With a capricious beam of light
The moon sets the crystal vials ablaze
On the sandalwood lavatory
Of our pensive dandy from Bergamo.
And just who is the “dandy from Bergamo,” listless at his toilette, rejecting first the red and then the green makeup in favor of moonbeam white? The German is elusive on this point, and English translations typically follow suit. Schoenberg’s title is “Der Dandy,” so the protagonist might arguably be another figure from the commedia dell’arte tradition – Arlecchino, perhaps? – who more neatly fits the descriptor. But Giraud’s poem leaves no room for doubt: his title is “Pierrot Dandy,” and that’s that. It’s a title that belittles its hero at every turn, emasculating him, making fun of him for imagining that makeup could make a difference. If we’re tempted to trace a narrative arc through Pierrot lunaire, “Der Dandy” follows “Colombine,” where Pierrot had longed to strew moon-petals over the object of his desire. Now, dejected, he paints on his mask. Passing over colors associated with his rivals in love, he will remain Pierrot, daub himself with his trademark cake, however painful that is. “Ridi, pagliaccio, sul tuo amore infranto,” as Canio has it in Leoncavallo’s I pagliacci.
This is a good time to mention that my plan to produce Pierrot lunaire was sparked by Opera San Antonio’s forthcoming production of Leoncavallo’s scorcher of a score. I thought it would be marvelous, frankly, to have Pierrot one weekend and I pagliacci the next, and as it turns out, that’s exactly what’s going to happen. The marvelous. For anyone attending performances of both works, I imagine that the redefinition of Pierrot – the “translation” of him by this assemblage of poets and musicians – will prove thought-provoking, especially since only two decades separate the works. This is one of the things that a tradition as rich as commedia permits: the possibility of infinite translations (even when temporally proximate), including willful and misleading ones.
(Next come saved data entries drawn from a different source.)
lemma quot_dim_W_mu:
  assumes "int \<mu> \<le> k"
  shows "quot_dim (W_mu b \<mu>) (Hk k) = nat k"
proof (rule quot_dim_eqI[where J = "{- int \<mu>..<0} \<union> {int \<mu>..<k}"])
  show "\<forall>i<nat k. W_mu_basis b \<mu> i \<in> W_mu b \<mu>"
    by (simp add: W_mu_basis_in_W_mu)
  show "W_mu b \<mu> \<subseteq> {(\<Sum>i<nat k. fls_const (c i) * W_mu_basis b \<mu> i) + u | c u. u \<in> Hk k}"
    using assms by (rule W_mu_spanned_by_basis)
  show "card ({- int \<mu>..<0} \<union> {int \<mu>..<k}) = nat k"
    using assms by (subst card_Un_disjoint) auto
  show "fls_X_intpow ` ({- int \<mu>..<0} \<union> {int \<mu>..<k})
      \<subseteq> fls_restrict ({- int \<mu>..<0} \<union> {int \<mu>..<k}) ` W_mu b \<mu>"
    using fls_X_intpow_in_restrict_W_mu by blast
qed (use assms in \<open>auto simp: Hk_def\<close>)

theorem proposition2:
  fixes b :: complex and \<mu> :: nat
  assumes "b \<noteq> 0" and "b \<noteq> 1"
  shows "W_mu b \<mu> \<in> Gr_j 0
    \<and> CKP (W_mu b \<mu>)
    \<and> W_mu b \<mu> = {f \<in> Hk (- int \<mu>). \<forall>i\<in>{1..\<mu>}. fls_residue (f * neg_z (r_fun b i)) = 0}"
proof (intro conjI)
  have "0 = k - int (quot_dim (W_mu b \<mu>) (Hk k))" if "Hk k \<subseteq> W_mu b \<mu>" for k
    using quot_dim_W_mu le_if_Hk_subset_W_mu[OF that] by simp
  then show "W_mu b \<mu> \<in> Gr_j 0"
    unfolding Gr_j_def using W_mu_in_Gr by blast
  show "CKP (W_mu b \<mu>)"
    unfolding CKP_def using W_mu_CKP by blast
  show "W_mu b \<mu> = {f \<in> Hk (- int \<mu>). \<forall>i\<in>{1..\<mu>}. fls_residue (f * neg_z (r_fun b i)) = 0}"
    by (rule W_mu_eq_annihilator)
qed

end
theorem theorem3:
  fixes T1 T2 :: "nat \<Rightarrow> nat \<Rightarrow> nat" and a b :: nat
  assumes "\<forall>i\<in>{1,2}. \<forall>j\<in>{1,2}. T1 i j \<in> {0,1} \<and> T2 i j \<in> {0,1}"
    and "\<forall>i\<in>{1,2}. \<exists>j\<in>{1,2}. T1 i j \<noteq> 0"
    and "\<forall>i\<in>{1,2}. \<exists>j\<in>{1,2}. T2 i j \<noteq> 0"
    and "alpha_ones T1 T2 1 = a" and "alpha_ones T1 T2 2 = a" and "a \<ge> 2"
    and "k2 T1 1 = b" and "k2 T1 2 = b"
  shows "entropy T1 T2 = ereal ((1 - lam_bar * (ln (real b) / ln (real a))) / lam\<^sup>2 * ln (real a))
         \<and> (b = a \<longrightarrow> entropy T1 T2 = ereal (ln (real a) / lam))"
proof -
  have rows: "T1 i 1 + T1 i 2 = b \<and> (T1 i 1 + T1 i 2) * (T2 i 1 + T2 i 2) = a" if "i \<in> {1,2}" for i
  proof -
    have "\<forall>j\<in>{1,2}. T1 i j \<in> {0,1} \<and> T2 i j \<in> {0,1}" using bspec[OF assms(1) that] .
    moreover have "k2 T1 i = b" "alpha_ones T1 T2 i = a" using that assms(4,5,7,8) by auto
    ultimately show ?thesis using row_sums_of_counts by metis
  qed
  have "b \<ge> 1"
    using assms(2) rows[of 1] by fastforce
  have "gamma1 T1 T2 i n = fst (gam_uniform a b n)" if "i \<in> {1,2}" for i n
    using gam_eq_gam_uniform[of T1 b T2 a, OF rows that] unfolding gamma1_def by simp
  then have "gamma1 T1 T2 1 n + gamma1 T1 T2 2 n = 2 * fst (gam_uniform a b n)" for n
    by simp
  then have "(\<lambda>n. ln (real (gamma1 T1 T2 1 n + gamma1 T1 T2 2 n)) / real (E_card n))
      \<longlonglongrightarrow> (ln (real a) - lam_bar * ln (real b)) / lam\<^sup>2"
    using \<open>a \<ge> 2\<close> \<open>b \<ge> 1\<close> by (simp only:) (rule ln_gam_uniform_over_E_card_limit; simp)
  then have "entropy T1 T2 = ereal ((ln (real a) - lam_bar * ln (real b)) / lam\<^sup>2)"
    unfolding entropy_def by (intro lim_imp_Limsup tendsto_ereal) simp_all
  moreover have "(1 - lam_bar * (ln (real b) / ln (real a))) / lam\<^sup>2 * ln (real a)
      = (ln (real a) - lam_bar * ln (real b)) / lam\<^sup>2"
  proof -
    have "ln (real a) \<noteq> 0" "lam\<^sup>2 \<noteq> 0" using \<open>a \<ge> 2\<close> lam_gt_1 by simp_all
    then show ?thesis by (simp add: field_simps)
  qed
  moreover have "(ln (real a) - lam_bar * ln (real a)) / lam\<^sup>2 = ln (real a) / lam"
    using lam_gt_1 by (simp add: lam_bar_eq power2_eq_square field_simps)
  ultimately show ?thesis by auto
qed

end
Here’s one example to stand for the whole. I became a bit. . .obsessed about the “black sacrosanct washstand” (in Stanley Appelbaum’s translation from my trusty Dover score) in “Der Dandy.” What kind of thing must that be? Appelbaum did his best to accurately render Hartleben’s “schwarzen, hochheiligen Waschtisch,” although managing the explosion of hs and schs would give any faithful English translator fits. But take a look at Giraud’s original line: “Sur le lavabo de santal.” That’s santal as in sandalwood, a far cry from the ebony altar that Hartleben conjures. And when I’ve used “sandalwood lavatory” above, then I’m flying in the face of Schoenberg, whose piccolo-spiked, prism-sparking moonbeams doubtless derive from Hartleben’s black-and-white opposition: the washstand-as-abyss against the pale-as-moonlight face paint. To conclude these pensées on “translation,” take a listen to this: “Der Dandy,” in Erwin Stein’s arrangement of Pierrot for voice and piano, with Akane Kudo (voice) and Yumiko Meguri (piano) managing it all sans winds!